▶ _Task goal_
Report each line of the listing that carries the word "lambda".

== Data provided

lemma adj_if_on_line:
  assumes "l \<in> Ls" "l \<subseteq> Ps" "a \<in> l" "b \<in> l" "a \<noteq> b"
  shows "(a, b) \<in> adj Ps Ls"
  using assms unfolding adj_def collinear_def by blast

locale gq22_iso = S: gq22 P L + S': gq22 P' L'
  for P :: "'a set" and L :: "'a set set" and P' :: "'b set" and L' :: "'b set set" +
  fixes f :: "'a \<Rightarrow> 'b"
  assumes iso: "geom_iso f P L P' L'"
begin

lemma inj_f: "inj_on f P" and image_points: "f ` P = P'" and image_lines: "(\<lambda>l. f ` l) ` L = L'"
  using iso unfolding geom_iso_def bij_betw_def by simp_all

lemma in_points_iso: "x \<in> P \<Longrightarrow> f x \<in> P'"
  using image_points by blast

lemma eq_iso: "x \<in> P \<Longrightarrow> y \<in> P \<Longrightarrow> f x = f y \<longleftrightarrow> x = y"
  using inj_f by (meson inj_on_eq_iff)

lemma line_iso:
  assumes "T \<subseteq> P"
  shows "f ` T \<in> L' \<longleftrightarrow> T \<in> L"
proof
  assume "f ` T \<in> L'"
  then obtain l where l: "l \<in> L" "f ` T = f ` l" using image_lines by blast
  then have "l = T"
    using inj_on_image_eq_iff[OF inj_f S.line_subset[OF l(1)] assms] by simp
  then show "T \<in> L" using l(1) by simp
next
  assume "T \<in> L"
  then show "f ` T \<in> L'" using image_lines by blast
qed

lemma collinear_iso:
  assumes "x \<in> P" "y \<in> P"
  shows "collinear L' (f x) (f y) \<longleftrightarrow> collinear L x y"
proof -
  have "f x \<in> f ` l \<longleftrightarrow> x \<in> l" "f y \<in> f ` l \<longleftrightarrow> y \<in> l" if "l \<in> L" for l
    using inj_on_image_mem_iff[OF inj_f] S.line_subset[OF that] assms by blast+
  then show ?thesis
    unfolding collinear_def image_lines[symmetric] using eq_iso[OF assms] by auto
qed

====
== Data provided

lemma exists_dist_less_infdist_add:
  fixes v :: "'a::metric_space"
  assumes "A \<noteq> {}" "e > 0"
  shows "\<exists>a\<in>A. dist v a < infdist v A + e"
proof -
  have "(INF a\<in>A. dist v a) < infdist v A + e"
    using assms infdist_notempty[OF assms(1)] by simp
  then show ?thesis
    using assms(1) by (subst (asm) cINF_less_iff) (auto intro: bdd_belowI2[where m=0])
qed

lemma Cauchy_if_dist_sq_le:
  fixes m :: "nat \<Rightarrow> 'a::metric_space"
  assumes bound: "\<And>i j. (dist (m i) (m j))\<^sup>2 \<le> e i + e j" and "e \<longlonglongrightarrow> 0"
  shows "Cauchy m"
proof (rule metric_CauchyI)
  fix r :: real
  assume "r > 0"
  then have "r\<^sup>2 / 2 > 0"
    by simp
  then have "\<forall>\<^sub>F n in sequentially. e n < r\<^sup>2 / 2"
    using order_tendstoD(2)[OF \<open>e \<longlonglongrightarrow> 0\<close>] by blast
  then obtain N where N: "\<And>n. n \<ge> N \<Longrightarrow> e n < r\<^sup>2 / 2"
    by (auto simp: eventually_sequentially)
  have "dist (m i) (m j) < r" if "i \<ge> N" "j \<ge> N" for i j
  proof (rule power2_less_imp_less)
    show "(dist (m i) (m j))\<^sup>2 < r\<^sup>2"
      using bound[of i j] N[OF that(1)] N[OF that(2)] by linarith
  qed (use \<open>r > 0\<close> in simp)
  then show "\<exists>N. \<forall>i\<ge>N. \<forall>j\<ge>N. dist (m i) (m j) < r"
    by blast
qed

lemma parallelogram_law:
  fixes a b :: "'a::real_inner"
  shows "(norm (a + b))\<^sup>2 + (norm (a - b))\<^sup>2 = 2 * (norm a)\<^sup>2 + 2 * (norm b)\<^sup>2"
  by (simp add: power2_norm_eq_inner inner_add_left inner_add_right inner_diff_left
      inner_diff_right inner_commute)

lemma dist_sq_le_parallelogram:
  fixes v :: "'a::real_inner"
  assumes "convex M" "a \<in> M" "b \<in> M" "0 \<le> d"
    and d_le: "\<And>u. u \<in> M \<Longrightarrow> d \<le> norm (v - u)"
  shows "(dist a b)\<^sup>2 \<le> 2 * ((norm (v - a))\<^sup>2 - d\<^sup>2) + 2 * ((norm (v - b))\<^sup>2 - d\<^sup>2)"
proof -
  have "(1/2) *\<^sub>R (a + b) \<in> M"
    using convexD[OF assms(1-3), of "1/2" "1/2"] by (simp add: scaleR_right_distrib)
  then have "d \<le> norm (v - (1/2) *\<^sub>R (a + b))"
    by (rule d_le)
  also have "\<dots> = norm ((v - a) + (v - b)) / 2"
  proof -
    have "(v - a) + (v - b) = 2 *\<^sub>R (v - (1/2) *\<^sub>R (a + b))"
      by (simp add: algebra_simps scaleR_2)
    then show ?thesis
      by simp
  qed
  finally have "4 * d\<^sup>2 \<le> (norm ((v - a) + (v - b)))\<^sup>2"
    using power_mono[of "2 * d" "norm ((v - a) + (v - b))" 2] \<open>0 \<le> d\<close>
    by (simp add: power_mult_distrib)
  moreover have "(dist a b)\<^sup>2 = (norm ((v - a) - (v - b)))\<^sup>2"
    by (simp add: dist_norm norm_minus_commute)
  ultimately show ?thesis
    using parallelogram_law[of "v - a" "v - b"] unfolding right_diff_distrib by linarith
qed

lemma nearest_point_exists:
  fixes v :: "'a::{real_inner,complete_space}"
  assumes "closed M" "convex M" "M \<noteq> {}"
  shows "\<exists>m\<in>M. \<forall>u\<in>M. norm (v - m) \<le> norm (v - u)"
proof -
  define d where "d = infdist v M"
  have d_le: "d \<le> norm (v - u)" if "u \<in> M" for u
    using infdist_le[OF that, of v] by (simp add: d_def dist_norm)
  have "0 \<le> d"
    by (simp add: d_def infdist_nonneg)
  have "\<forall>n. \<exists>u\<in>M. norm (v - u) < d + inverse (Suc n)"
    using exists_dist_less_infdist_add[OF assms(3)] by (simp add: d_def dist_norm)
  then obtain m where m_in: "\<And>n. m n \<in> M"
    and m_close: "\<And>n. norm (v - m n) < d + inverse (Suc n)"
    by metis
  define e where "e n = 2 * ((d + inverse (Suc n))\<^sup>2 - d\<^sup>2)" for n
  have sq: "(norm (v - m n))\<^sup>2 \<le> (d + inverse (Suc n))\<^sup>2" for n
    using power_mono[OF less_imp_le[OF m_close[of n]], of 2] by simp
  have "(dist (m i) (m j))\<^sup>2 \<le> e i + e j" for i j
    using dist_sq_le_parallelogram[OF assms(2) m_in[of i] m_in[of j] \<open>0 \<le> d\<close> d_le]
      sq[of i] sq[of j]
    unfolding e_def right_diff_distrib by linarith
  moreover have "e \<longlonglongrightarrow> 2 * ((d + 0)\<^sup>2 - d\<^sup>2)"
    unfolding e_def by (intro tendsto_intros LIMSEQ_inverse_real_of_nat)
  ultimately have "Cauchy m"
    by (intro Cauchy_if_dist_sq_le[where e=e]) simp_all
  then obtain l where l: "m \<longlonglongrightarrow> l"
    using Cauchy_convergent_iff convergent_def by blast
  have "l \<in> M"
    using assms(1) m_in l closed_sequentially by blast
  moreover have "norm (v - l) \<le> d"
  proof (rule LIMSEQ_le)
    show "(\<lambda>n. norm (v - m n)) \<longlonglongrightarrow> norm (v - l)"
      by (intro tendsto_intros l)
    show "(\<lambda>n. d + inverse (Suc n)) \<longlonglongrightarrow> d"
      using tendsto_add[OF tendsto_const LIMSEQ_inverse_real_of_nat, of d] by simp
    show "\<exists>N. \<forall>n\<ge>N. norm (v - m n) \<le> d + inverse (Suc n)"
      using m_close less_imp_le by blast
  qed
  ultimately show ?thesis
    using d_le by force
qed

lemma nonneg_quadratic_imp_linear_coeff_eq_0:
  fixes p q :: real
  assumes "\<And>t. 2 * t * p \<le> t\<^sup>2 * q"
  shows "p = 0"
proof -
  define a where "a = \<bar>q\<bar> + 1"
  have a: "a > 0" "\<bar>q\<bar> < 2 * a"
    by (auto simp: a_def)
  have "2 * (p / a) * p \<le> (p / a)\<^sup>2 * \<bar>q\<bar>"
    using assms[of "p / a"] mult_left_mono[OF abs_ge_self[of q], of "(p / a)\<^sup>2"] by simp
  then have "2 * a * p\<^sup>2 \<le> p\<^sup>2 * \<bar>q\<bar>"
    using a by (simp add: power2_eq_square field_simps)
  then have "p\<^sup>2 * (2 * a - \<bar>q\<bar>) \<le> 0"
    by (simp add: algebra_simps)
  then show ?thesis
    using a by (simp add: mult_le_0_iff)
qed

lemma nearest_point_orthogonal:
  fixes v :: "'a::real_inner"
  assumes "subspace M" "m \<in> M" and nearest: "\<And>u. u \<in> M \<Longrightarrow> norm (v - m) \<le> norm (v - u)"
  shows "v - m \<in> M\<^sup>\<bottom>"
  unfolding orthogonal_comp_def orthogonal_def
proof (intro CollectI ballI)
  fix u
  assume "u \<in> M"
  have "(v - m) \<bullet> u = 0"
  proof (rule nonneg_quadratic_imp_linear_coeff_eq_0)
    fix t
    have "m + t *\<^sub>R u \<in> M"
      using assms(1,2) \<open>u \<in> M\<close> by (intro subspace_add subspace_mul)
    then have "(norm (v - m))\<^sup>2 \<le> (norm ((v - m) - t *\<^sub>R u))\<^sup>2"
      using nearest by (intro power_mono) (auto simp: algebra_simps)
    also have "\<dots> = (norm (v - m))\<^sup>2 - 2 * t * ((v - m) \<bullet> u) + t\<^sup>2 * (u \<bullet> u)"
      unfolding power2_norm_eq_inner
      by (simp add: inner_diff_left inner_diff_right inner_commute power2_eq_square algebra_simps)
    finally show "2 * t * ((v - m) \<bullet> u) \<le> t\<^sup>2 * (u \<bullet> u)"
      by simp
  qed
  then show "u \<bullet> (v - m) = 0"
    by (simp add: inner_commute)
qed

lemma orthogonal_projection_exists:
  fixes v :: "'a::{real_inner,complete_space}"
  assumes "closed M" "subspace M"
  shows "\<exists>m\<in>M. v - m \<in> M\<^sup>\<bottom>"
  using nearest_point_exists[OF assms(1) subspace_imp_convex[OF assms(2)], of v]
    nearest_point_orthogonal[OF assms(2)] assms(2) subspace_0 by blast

====

▶ _Solution for this exercise_
lemma inj_f: "inj_on f P" and image_points: "f ` P = P'" and image_lines: "(\<lambda>l. f ` l) ` L = L'"
    show "(\<lambda>n. norm (v - m n)) \<longlonglongrightarrow> norm (v - l)"
    show "(\<lambda>n. d + inverse (Suc n)) \<longlonglongrightarrow> d"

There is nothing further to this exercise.